▶ **Problem details**: Report each line of the data that has "assumes" somewhere in it.

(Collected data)
lemma propB_mem_P_imp_beta:
  assumes B: "propB n C ws P"
  shows "j \<le> length ws \<Longrightarrow> x \<in># P j \<Longrightarrow> \<exists>k. 1 \<le> k \<and> k \<le> j \<and> x = beta n C ws k"
proof (induction j arbitrary: x rule: less_induct)
  case (less j)
  show ?case
  proof (cases "j = 0")
    case True
    then show ?thesis using B less.prems unfolding propB_def by simp
  next
    case False
    define S where "S = {l. 1 \<le> l \<and> l < j \<and> j < jplus ws l \<and> C (letter ws l) (letter ws j) = -1}"
    have "finite S" unfolding S_def by (rule finite_subset[of _ "{..<j}"]) auto
    moreover have "P j + P (jminus ws j) = {# beta n C ws j #} + (\<Sum>l\<in>S. P l)"
      using B False less.prems unfolding propB_def S_def by auto
    then have "x \<in># {# beta n C ws j #} + (\<Sum>l\<in>S. P l)"
      using less.prems by (metis union_iff)
    ultimately consider "x = beta n C ws j" | l where "l \<in> S" "x \<in># P l"
      by (auto simp: set_mset_sum)
    then show ?thesis
    proof cases
      case 1
      then show ?thesis using False by (intro exI[of _ j]) auto
    next
      case (2 l)
      then have "l < j" unfolding S_def by auto
      then show ?thesis using less.IH[of l x] 2 less.prems by fastforce
    qed
  qed
qed

context symmetric_cartan
begin

lemma propB_count_later_beta_eq_0:
  assumes "set ws \<subseteq> {1..n}" and "length ws = wlen n C (wprod n C ws)" and "propB n C ws P"
    and "1 \<le> i" and "i \<le> length ws" and "j < i"
  shows "count (P j) (beta n C ws i) = 0"
proof (rule ccontr)
  assume "count (P j) (beta n C ws i) \<noteq> 0"
  then obtain k where "1 \<le> k" "k \<le> j" "beta n C ws i = beta n C ws k"
    using propB_mem_P_imp_beta[OF assms(3), of j] assms(5,6) by (auto simp: not_in_iff)
  then show False
    using beta_distinct[OF assms(1,2), of k i] assms(5,6) by auto
qed

lemma propB_count_own_beta_eq_1:
  assumes "set ws \<subseteq> {1..n}" and "length ws = wlen n C (wprod n C ws)" and B: "propB n C ws P"
    and "1 \<le> i" and "i \<le> length ws"
  shows "count (P i) (beta n C ws i) = 1"
proof -
  define S where "S = {l. 1 \<le> l \<and> l < i \<and> i < jplus ws l \<and> C (letter ws l) (letter ws i) = -1}"
  have recursion: "P i + P (jminus ws i) = {# beta n C ws i #} + (\<Sum>l\<in>S. P l)"
    using B assms(4,5) unfolding propB_def S_def by auto
  have "count (P i) (beta n C ws i) + count (P (jminus ws i)) (beta n C ws i)
      = 1 + (\<Sum>l\<in>S. count (P l) (beta n C ws i))"
    using arg_cong[OF recursion, of "\<lambda>M. count M (beta n C ws i)"] by (simp add: count_sum)
  moreover have "count (P (jminus ws i)) (beta n C ws i) = 0"
    using propB_count_later_beta_eq_0 assms jminus_less by blast
  moreover have "(\<Sum>l\<in>S. count (P l) (beta n C ws i)) = 0"
    using propB_count_later_beta_eq_0[OF assms(1-5)] unfolding S_def by (intro sum.neutral) auto
  ultimately show ?thesis by simp
qed

end

theorem lemma6p5:
  fixes n :: nat and C :: "nat \<Rightarrow> nat \<Rightarrow> int" and ws :: "nat list"
    and P :: "nat \<Rightarrow> rootvec multiset"
  assumes "simply_laced_simple_cartan n C"
    and "reduced_expr_w0 n C ws"
    and "propA n C ws P" and "propB n C ws P" and "propC n C ws P"
  shows "(\<forall>i\<in>J_ex ws. \<forall>j\<in>J_ex ws. i > j \<longrightarrow> count (P j) (beta n C ws i) = 0)
       \<and> (\<forall>i\<in>J_ex ws. count (P i) (beta n C ws i) = 1)"
proof -
  interpret symmetric_cartan n C
    using assms(1) unfolding simply_laced_simple_cartan_def by unfold_locales auto
  have "set ws \<subseteq> {1..n}" and "length ws = wlen n C (wprod n C ws)"
    using assms(2) unfolding reduced_expr_w0_def by auto
  then show ?thesis
    using propB_count_later_beta_eq_0 propB_count_own_beta_eq_1 assms(4) unfolding J_ex_def by auto
qed

end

▶ **Response box**:
  assumes B: "propB n C ws P"
  assumes "set ws \<subseteq> {1..n}" and "length ws = wlen n C (wprod n C ws)" and "propB n C ws P"
  assumes "set ws \<subseteq> {1..n}" and "length ws = wlen n C (wprod n C ws)" and B: "propB n C ws P"
  assumes "simply_laced_simple_cartan n C"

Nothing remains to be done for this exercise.